- _Data records_:
═══
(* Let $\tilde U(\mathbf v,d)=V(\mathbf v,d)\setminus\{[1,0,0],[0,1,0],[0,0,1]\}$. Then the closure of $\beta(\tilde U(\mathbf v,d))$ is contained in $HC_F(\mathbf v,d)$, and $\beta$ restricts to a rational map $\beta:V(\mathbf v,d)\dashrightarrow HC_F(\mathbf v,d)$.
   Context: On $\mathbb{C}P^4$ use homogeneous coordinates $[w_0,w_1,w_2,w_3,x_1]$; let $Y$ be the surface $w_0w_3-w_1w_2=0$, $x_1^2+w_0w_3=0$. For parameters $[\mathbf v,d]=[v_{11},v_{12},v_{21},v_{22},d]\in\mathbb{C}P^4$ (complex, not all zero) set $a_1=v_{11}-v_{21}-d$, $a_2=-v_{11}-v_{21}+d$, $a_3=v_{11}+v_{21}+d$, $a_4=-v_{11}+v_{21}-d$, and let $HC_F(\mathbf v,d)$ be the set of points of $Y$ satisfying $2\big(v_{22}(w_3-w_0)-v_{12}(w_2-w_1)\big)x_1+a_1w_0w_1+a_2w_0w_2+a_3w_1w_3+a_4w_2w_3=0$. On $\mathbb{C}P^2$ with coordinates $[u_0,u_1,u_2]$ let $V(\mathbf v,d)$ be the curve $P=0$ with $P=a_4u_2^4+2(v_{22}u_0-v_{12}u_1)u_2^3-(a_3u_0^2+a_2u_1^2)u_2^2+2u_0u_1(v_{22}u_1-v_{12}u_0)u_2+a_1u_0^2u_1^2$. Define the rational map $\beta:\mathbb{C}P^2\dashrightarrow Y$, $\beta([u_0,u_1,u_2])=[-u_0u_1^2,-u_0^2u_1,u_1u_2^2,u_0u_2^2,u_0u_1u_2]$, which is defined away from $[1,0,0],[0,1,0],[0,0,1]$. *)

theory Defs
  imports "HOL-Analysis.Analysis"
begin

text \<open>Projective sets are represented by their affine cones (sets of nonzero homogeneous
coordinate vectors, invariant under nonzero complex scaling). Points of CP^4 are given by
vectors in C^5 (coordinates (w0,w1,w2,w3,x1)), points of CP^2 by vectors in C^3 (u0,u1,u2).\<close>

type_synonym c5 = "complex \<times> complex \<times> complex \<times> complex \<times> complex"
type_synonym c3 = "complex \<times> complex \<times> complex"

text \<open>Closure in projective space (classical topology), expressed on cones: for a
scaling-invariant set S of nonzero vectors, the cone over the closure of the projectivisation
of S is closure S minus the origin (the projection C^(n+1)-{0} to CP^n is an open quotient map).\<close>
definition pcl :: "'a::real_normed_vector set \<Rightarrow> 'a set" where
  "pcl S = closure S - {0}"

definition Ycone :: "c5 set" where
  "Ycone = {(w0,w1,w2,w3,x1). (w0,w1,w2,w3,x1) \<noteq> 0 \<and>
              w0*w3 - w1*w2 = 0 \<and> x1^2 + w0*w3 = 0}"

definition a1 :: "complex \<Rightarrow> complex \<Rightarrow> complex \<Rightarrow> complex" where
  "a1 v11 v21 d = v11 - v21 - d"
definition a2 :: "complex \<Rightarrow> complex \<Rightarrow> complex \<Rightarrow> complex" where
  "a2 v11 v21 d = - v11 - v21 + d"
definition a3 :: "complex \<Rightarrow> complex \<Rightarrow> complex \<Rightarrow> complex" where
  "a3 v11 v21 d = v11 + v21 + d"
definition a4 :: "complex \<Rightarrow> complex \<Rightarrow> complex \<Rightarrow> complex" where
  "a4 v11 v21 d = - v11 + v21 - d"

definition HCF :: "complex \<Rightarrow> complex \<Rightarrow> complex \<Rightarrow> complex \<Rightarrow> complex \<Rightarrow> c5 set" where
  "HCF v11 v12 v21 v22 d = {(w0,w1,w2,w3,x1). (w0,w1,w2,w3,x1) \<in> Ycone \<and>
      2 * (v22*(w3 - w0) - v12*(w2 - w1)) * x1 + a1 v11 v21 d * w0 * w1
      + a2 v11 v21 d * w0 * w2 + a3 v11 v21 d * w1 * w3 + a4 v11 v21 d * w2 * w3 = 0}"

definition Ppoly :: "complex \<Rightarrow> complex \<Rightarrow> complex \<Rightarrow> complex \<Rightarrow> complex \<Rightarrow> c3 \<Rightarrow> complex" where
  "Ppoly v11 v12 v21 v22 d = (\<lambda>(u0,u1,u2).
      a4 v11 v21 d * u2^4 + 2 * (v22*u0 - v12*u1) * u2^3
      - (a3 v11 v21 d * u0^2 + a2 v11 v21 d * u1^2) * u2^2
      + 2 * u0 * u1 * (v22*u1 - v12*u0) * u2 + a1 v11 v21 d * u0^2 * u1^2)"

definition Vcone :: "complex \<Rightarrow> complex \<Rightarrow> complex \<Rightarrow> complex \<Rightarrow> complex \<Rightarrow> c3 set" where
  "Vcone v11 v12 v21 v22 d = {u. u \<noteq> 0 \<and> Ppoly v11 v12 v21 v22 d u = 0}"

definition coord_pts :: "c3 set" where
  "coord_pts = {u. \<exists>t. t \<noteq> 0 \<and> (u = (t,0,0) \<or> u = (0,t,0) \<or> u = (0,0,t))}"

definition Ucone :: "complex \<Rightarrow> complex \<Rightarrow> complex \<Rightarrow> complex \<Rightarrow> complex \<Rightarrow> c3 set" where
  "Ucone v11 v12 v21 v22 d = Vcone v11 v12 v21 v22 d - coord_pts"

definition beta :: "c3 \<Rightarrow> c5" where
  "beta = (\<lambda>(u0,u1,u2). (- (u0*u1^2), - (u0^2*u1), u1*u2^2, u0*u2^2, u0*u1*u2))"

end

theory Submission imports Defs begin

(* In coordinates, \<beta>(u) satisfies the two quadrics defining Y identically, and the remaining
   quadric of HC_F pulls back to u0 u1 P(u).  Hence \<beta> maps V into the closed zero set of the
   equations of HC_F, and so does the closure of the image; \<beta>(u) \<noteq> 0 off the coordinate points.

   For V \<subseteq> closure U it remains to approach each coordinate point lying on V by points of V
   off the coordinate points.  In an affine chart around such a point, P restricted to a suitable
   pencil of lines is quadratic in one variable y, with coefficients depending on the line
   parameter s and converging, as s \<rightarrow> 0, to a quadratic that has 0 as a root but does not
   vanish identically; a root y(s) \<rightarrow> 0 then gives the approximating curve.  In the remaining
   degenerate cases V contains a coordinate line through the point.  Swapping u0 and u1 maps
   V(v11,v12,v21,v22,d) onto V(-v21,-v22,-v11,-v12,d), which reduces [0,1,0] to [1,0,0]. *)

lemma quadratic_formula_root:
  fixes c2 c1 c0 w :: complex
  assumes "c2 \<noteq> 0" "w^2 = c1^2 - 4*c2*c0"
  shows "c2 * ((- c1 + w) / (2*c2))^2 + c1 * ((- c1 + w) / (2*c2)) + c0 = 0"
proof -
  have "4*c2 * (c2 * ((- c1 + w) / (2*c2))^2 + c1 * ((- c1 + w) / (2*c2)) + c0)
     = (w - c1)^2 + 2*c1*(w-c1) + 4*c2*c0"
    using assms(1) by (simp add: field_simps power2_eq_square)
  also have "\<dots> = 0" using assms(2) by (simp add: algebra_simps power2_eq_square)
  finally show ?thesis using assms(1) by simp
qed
═══
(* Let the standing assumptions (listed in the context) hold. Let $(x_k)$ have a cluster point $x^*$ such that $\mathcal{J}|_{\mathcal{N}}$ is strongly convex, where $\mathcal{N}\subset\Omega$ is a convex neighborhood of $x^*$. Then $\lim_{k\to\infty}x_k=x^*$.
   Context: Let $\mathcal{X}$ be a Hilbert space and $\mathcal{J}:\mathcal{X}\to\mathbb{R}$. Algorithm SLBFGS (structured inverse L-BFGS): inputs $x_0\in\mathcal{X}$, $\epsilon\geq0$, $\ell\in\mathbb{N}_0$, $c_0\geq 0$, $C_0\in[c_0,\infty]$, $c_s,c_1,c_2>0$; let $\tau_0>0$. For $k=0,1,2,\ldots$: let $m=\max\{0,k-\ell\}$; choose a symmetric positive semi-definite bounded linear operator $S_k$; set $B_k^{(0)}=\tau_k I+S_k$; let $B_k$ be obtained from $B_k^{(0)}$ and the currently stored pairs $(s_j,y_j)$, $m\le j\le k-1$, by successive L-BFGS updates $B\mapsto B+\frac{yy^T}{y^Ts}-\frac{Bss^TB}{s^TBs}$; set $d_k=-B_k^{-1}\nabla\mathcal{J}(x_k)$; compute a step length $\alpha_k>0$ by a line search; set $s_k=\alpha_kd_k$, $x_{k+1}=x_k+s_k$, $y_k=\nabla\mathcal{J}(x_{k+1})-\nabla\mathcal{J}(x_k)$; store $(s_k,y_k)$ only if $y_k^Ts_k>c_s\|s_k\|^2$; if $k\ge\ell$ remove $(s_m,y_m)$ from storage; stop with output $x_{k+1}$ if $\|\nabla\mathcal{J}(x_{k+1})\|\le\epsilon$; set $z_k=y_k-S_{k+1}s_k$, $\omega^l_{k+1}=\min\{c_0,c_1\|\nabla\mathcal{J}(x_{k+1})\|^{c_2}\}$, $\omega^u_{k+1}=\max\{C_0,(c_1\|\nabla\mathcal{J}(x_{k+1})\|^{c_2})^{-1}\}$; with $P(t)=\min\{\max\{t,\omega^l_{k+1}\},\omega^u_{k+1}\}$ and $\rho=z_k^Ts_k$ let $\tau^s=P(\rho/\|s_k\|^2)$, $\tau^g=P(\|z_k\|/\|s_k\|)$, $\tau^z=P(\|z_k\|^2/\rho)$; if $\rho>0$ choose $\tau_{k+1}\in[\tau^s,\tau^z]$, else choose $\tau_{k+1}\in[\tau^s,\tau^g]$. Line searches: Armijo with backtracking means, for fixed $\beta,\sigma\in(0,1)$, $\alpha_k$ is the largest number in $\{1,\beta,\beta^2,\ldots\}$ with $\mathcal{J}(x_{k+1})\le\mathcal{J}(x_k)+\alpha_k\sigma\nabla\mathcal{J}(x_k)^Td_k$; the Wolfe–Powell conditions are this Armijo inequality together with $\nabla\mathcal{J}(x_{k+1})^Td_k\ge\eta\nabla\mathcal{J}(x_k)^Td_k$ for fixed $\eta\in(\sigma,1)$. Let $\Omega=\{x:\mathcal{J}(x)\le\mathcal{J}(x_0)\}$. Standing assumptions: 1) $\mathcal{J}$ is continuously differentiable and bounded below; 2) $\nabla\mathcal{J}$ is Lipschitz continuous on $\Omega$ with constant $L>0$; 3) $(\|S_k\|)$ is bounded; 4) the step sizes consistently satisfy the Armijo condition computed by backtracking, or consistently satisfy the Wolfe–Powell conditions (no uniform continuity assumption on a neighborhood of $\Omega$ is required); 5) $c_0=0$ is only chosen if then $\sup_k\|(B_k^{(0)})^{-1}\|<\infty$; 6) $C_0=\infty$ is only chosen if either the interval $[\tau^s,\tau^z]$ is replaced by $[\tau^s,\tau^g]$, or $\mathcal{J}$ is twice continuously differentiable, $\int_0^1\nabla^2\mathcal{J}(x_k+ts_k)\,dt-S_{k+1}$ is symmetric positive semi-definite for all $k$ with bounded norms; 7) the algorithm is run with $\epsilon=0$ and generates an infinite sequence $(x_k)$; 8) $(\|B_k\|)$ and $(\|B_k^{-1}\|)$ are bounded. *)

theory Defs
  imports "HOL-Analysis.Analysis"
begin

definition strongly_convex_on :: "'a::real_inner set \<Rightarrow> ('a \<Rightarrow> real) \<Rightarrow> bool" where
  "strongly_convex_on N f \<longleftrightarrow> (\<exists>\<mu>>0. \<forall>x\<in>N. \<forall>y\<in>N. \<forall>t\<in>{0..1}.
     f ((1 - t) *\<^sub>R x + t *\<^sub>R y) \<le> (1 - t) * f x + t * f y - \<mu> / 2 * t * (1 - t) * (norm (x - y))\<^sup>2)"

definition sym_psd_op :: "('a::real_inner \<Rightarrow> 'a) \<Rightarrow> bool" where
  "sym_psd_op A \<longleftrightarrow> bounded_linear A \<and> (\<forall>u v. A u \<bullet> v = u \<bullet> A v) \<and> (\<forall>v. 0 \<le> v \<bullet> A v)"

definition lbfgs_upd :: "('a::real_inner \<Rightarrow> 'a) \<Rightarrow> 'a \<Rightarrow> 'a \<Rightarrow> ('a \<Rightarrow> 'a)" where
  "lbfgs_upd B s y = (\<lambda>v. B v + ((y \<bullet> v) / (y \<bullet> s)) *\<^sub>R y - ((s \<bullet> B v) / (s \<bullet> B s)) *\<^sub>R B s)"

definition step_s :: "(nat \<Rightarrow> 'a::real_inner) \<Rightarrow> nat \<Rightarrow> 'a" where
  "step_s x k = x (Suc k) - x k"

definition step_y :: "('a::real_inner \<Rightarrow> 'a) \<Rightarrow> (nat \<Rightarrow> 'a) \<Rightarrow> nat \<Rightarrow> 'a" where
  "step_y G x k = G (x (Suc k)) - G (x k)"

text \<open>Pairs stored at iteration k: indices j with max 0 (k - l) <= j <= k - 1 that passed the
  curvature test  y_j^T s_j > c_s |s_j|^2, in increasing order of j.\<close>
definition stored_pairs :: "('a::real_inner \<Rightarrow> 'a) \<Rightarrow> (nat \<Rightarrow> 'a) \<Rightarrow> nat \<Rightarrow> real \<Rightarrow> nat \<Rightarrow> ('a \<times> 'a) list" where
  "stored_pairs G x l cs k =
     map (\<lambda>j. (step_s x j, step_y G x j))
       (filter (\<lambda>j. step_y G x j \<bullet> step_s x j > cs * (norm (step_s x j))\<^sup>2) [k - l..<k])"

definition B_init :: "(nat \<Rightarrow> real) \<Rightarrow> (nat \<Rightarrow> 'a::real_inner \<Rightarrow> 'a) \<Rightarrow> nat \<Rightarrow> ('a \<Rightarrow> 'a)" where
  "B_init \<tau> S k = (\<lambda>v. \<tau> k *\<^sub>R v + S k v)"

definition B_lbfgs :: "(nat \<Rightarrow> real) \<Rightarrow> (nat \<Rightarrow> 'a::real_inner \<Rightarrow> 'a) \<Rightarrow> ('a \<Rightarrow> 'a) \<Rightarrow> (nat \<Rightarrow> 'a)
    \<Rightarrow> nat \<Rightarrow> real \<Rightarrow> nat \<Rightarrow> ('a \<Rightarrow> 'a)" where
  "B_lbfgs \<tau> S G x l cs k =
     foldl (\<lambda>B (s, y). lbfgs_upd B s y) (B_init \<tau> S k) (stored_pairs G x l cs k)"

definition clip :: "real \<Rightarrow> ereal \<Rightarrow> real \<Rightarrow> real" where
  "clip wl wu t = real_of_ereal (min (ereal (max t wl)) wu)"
═══
- _What the task asks_: Each line above that holds the string "invariant" should be copied and shown.

- _Exercise response_:
coordinate vectors, invariant under nonzero complex scaling). Points of CP^4 are given by
scaling-invariant set S of nonzero vectors, the cone over the closure of the projectivisation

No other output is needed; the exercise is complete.